- Exercise brief -
Search the listing below, and show each line that includes the word "open".

───

lemma card_eq_sum_indicator:
  fixes n :: nat
  shows "real (card {i. i < n \<and> f i \<in> B}) = (\<Sum>i<n. indicator B (f i))"
proof (induction n)
  case (Suc n)
  have "{i. i < Suc n \<and> f i \<in> B}
      = (if f n \<in> B then insert n {i. i < n \<and> f i \<in> B} else {i. i < n \<and> f i \<in> B})"
    by (auto simp: less_Suc_eq)
  then show ?case
    using Suc by (simp add: indicator_def)
qed simp

locale iid_sample = prob_space +
  fixes X :: "nat \<Rightarrow> 'a \<Rightarrow> real" and n :: nat
  assumes measurable_X: "i < n \<Longrightarrow> X i \<in> borel_measurable M"
    and indep_X: "indep_vars (\<lambda>_. borel) X {..<n}"
    and distr_X: "i < n \<Longrightarrow> distr M borel (X i) = distr M borel (X 0)"
    and sample_nonempty: "0 < n"
begin

lemma measurable_X0 [measurable]: "X 0 \<in> borel_measurable M"
  using measurable_X sample_nonempty .

lemma measurable_X_lessThan [measurable]: "i \<in> {..<n} \<Longrightarrow> X i \<in> borel_measurable M"
  using measurable_X by simp

lemma expectation_X_eq:
  fixes g :: "real \<Rightarrow> real"
  assumes "i < n" and [measurable]: "g \<in> borel_measurable borel"
  shows "expectation (\<lambda>\<omega>. g (X i \<omega>)) = expectation (\<lambda>\<omega>. g (X 0 \<omega>))"
proof -
  have "expectation (\<lambda>\<omega>. g (X j \<omega>)) = integral\<^sup>L (distr M borel (X j)) g" if "j < n" for j
    using measurable_X[OF that] by (subst integral_distr) auto
  from this[OF \<open>i < n\<close>] this[OF sample_nonempty] show ?thesis
    using distr_X[OF \<open>i < n\<close>] by simp
qed

lemma prob_sum_ge_le:
  assumes [measurable]: "g \<in> borel_measurable borel" and g_bound: "\<And>y. \<bar>g y\<bar> \<le> B"
    and "0 < l"
  shows "prob {\<omega> \<in> space M. \<epsilon> \<le> (\<Sum>i<n. g (X i \<omega>))}
           \<le> exp (- l * \<epsilon>) * expectation (\<lambda>\<omega>. exp (l * g (X 0 \<omega>))) ^ n"
proof -
  have integrable_exp: "integrable M (\<lambda>\<omega>. exp (l * g (X i \<omega>)))" if "i < n" for i
    using measurable_X[OF that] g_bound[THEN abs_le_D1] \<open>0 < l\<close>
    by (intro integrable_const_bound[where B = "exp (l * B)"] AE_I2) auto
  have "ennreal (prob {\<omega> \<in> space M. \<epsilon> \<le> (\<Sum>i<n. g (X i \<omega>))})
      \<le> ennreal (exp (- l * \<epsilon>)) *
          (\<integral>\<^sup>+\<omega>. ennreal (exp (l * (\<Sum>i<n. g (X i \<omega>)))) * indicator (space M) \<omega> \<partial>M)"
    unfolding emeasure_eq_measure[symmetric] using \<open>0 < l\<close>
    by (intro Chernoff_ineq_nn_integral_ge) auto
  also have "(\<integral>\<^sup>+\<omega>. ennreal (exp (l * (\<Sum>i<n. g (X i \<omega>)))) * indicator (space M) \<omega> \<partial>M)
      = (\<integral>\<^sup>+\<omega>. (\<Prod>i<n. ennreal (exp (l * g (X i \<omega>)))) \<partial>M)"
    by (intro nn_integral_cong) (simp add: sum_distrib_left exp_sum prod_ennreal)
  also have "\<dots> = (\<Prod>i<n. \<integral>\<^sup>+\<omega>. ennreal (exp (l * g (X i \<omega>))) \<partial>M)"
    by (intro indep_vars_nn_integral indep_vars_compose2[OF indep_X]) auto
  also have "\<dots> = (\<Prod>i<n. ennreal (expectation (\<lambda>\<omega>. exp (l * g (X 0 \<omega>)))))"
  proof (intro prod.cong refl)
    fix i assume "i \<in> {..<n}"
    then have "(\<integral>\<^sup>+\<omega>. ennreal (exp (l * g (X i \<omega>))) \<partial>M)
        = ennreal (expectation (\<lambda>\<omega>. exp (l * g (X i \<omega>))))"
      using integrable_exp[of i] by (intro nn_integral_eq_integral) auto
    also have "expectation (\<lambda>\<omega>. exp (l * g (X i \<omega>))) = expectation (\<lambda>\<omega>. exp (l * g (X 0 \<omega>)))"
      using \<open>i \<in> {..<n}\<close> by (intro expectation_X_eq) auto
    finally show "(\<integral>\<^sup>+\<omega>. ennreal (exp (l * g (X i \<omega>))) \<partial>M)
        = ennreal (expectation (\<lambda>\<omega>. exp (l * g (X 0 \<omega>))))" .
  qed
  also have "ennreal (exp (- l * \<epsilon>)) * \<dots>
      = ennreal (exp (- l * \<epsilon>) * expectation (\<lambda>\<omega>. exp (l * g (X 0 \<omega>))) ^ n)"
    by (simp add: prod_ennreal ennreal_mult ennreal_power)
  finally show ?thesis
    by (subst (asm) ennreal_le_iff) auto
qed

lemma prob_card_gt_le:
  fixes k :: nat
  assumes [measurable]: "B \<in> sets borel"
    and rare: "9 * real n * prob {\<omega> \<in> space M. X 0 \<omega> \<in> B} \<le> k"
  shows "prob {\<omega> \<in> space M. k < card {i. i < n \<and> X i \<omega> \<in> B}} \<le> exp (- real k)"
proof -
  define p where "p = prob {\<omega> \<in> space M. X 0 \<omega> \<in> B}"
  have "exp 2 = exp 1 * (exp 1 :: real)"
    by (simp flip: exp_add)
  also have "\<dots> \<le> 3 * 3"
    using exp_le by (intro mult_mono) auto
  finally have e2: "exp 2 - 1 \<le> (9::real)"
    by simp
  have "{\<omega> \<in> space M. k < card {i. i < n \<and> X i \<omega> \<in> B}}
      = {\<omega> \<in> space M. real k + 1 \<le> (\<Sum>i<n. indicator B (X i \<omega>))}"
    by (auto simp flip: card_eq_sum_indicator)
  also have "prob \<dots> \<le> exp (- 2 * (real k + 1)) * expectation (\<lambda>\<omega>. exp (2 * indicator B (X 0 \<omega>))) ^ n"
    by (rule prob_sum_ge_le[where B = 1]) (auto simp: indicator_def)
  also have "\<dots> = exp (- 2 * (real k + 1)) * (1 + (exp 2 - 1) * p) ^ n"
    by (simp add: expectation_exp_indicator p_def)
  also have "\<dots> \<le> exp (- 2 * (real k + 1)) * exp ((exp 2 - 1) * p) ^ n"
    using exp_ge_add_one_self by (intro mult_left_mono power_mono) (auto simp: p_def)
  also have "\<dots> = exp (- 2 * (real k + 1) + n * ((exp 2 - 1) * p))"
    by (simp only: exp_add exp_of_nat_mult)
  also have "\<dots> \<le> exp (- real k)"
    using mult_right_mono[OF e2, of "n * p"] rare by (simp add: p_def algebra_simps)
  finally show ?thesis .
qed

lemma prob_sum_clip_ge_le:
  assumes [measurable]: "f \<in> borel_measurable borel"
    and "integrable M (\<lambda>\<omega>. (f (X 0 \<omega>))\<^sup>2)" and "expectation (\<lambda>\<omega>. f (X 0 \<omega>)) = 0"
    and a: "0 < a"
  shows "prob {\<omega> \<in> space M. 5 * real n * expectation (\<lambda>\<omega>. (f (X 0 \<omega>))\<^sup>2) / (4 * a) + a * t
                             \<le> (\<Sum>i<n. clip a (f (X i \<omega>)))}
           \<le> exp (- t)"
  (is "prob {\<omega> \<in> space M. ?\<epsilon> \<le> _} \<le> _")
proof -
  define v where "v = expectation (\<lambda>\<omega>. (f (X 0 \<omega>))\<^sup>2)"
  have "prob {\<omega> \<in> space M. ?\<epsilon> \<le> (\<Sum>i<n. clip a (f (X i \<omega>)))}
      \<le> exp (- (1 / a) * ?\<epsilon>) * expectation (\<lambda>\<omega>. exp (1 / a * clip a (f (X 0 \<omega>)))) ^ n"
    using a abs_clip_le[of a] by (intro prob_sum_ge_le[where B = a]) auto
  also have "\<dots> \<le> exp (- (1 / a) * ?\<epsilon>) * exp (5 * v / (4 * a\<^sup>2)) ^ n"
    using expectation_exp_clip_le[of "\<lambda>\<omega>. f (X 0 \<omega>)" a] assms
    by (intro mult_left_mono power_mono integral_nonneg_AE) (auto simp: v_def)
  also have "\<dots> = exp (- (1 / a) * ?\<epsilon> + n * (5 * v / (4 * a\<^sup>2)))"
    by (simp only: exp_add exp_of_nat_mult)
  also have "- (1 / a) * ?\<epsilon> + n * (5 * v / (4 * a\<^sup>2)) = - t"
    using a by (simp add: v_def field_simps power2_eq_square)
  finally show ?thesis .
qed

lemma AE_X_eq_expectation:
  assumes "integrable M (\<lambda>\<omega>. (X 0 \<omega>)\<^sup>2)" and "variance (X 0) = 0"
  shows "AE \<omega> in M. \<forall>i<n. X i \<omega> = expectation (X 0)"
proof -
  define \<mu> where "\<mu> = expectation (X 0)"
  have "integrable M (X 0)"
    by (rule square_integrable_imp_integrable[OF _ assms(1)]) simp
  then have "integrable M (\<lambda>\<omega>. (X 0 \<omega> - \<mu>)\<^sup>2)"
    using assms(1) by (simp add: power2_diff)
  then have "AE \<omega> in M. (X 0 \<omega> - \<mu>)\<^sup>2 = 0"
    using assms(2) by (simp add: \<mu>_def integral_nonneg_eq_0_iff_AE)
  then have "AE y in distr M borel (X 0). y = \<mu>"
    by (subst AE_distr_iff) auto
  then have "AE \<omega> in M. X i \<omega> = \<mu>" if "i < n" for i
    using that measurable_X[OF that] by (subst (asm) distr_X[OF that, symmetric]) (simp add: AE_distr_iff)
  then show ?thesis
    unfolding \<mu>_def by (subst AE_all_countable) auto
qed

lemma trimmed_mean_deviation_degenerate:
  assumes "2 * k < n" and "integrable M (\<lambda>\<omega>. (X 0 \<omega>)\<^sup>2)" and "variance (X 0) = 0"
    and "0 \<le> c"
  shows "measure M {\<omega> \<in> space M.
           c < \<bar>trimmed_mean k (map (\<lambda>i. X i \<omega>) [0..<n]) - expectation (X 0)\<bar>} = 0"
    (is "measure M ?E = 0")
proof -
  obtain N where N: "{\<omega> \<in> space M. \<not> (\<forall>i<n. X i \<omega> = expectation (X 0))} \<subseteq> N"
      "emeasure M N = 0" "N \<in> sets M"
    using AE_X_eq_expectation[OF assms(2,3)] by (elim AE_E)
  have "map (\<lambda>i. X i \<omega>) [0..<n] = replicate n (expectation (X 0))" if "\<omega> \<in> space M - N" for \<omega>
  proof -
    have "\<forall>i<n. X i \<omega> = expectation (X 0)"
      using N(1) that by blast
    then show ?thesis
      by (auto intro: nth_equalityI)
  qed
  then have "?E \<subseteq> N"
    using trimmed_mean_replicate[OF assms(1)] \<open>0 \<le> c\<close> by force
  then have "measure M ?E \<le> measure M N"
    using N(3) by (rule finite_measure_mono)
  also have "measure M N = 0"
    using N(2) by (simp add: emeasure_eq_measure)
  finally show ?thesis
    by (simp add: measure_le_0_iff)
qed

───

- Response box -
  from this[OF \<open>i < n\<close>] this[OF sample_nonempty] show ?thesis
    using distr_X[OF \<open>i < n\<close>] by simp
    using measurable_X[OF that] g_bound[THEN abs_le_D1] \<open>0 < l\<close>
    unfolding emeasure_eq_measure[symmetric] using \<open>0 < l\<close>
      using \<open>i \<in> {..<n}\<close> by (intro expectation_X_eq) auto
    using trimmed_mean_replicate[OF assms(1)] \<open>0 \<le> c\<close> by force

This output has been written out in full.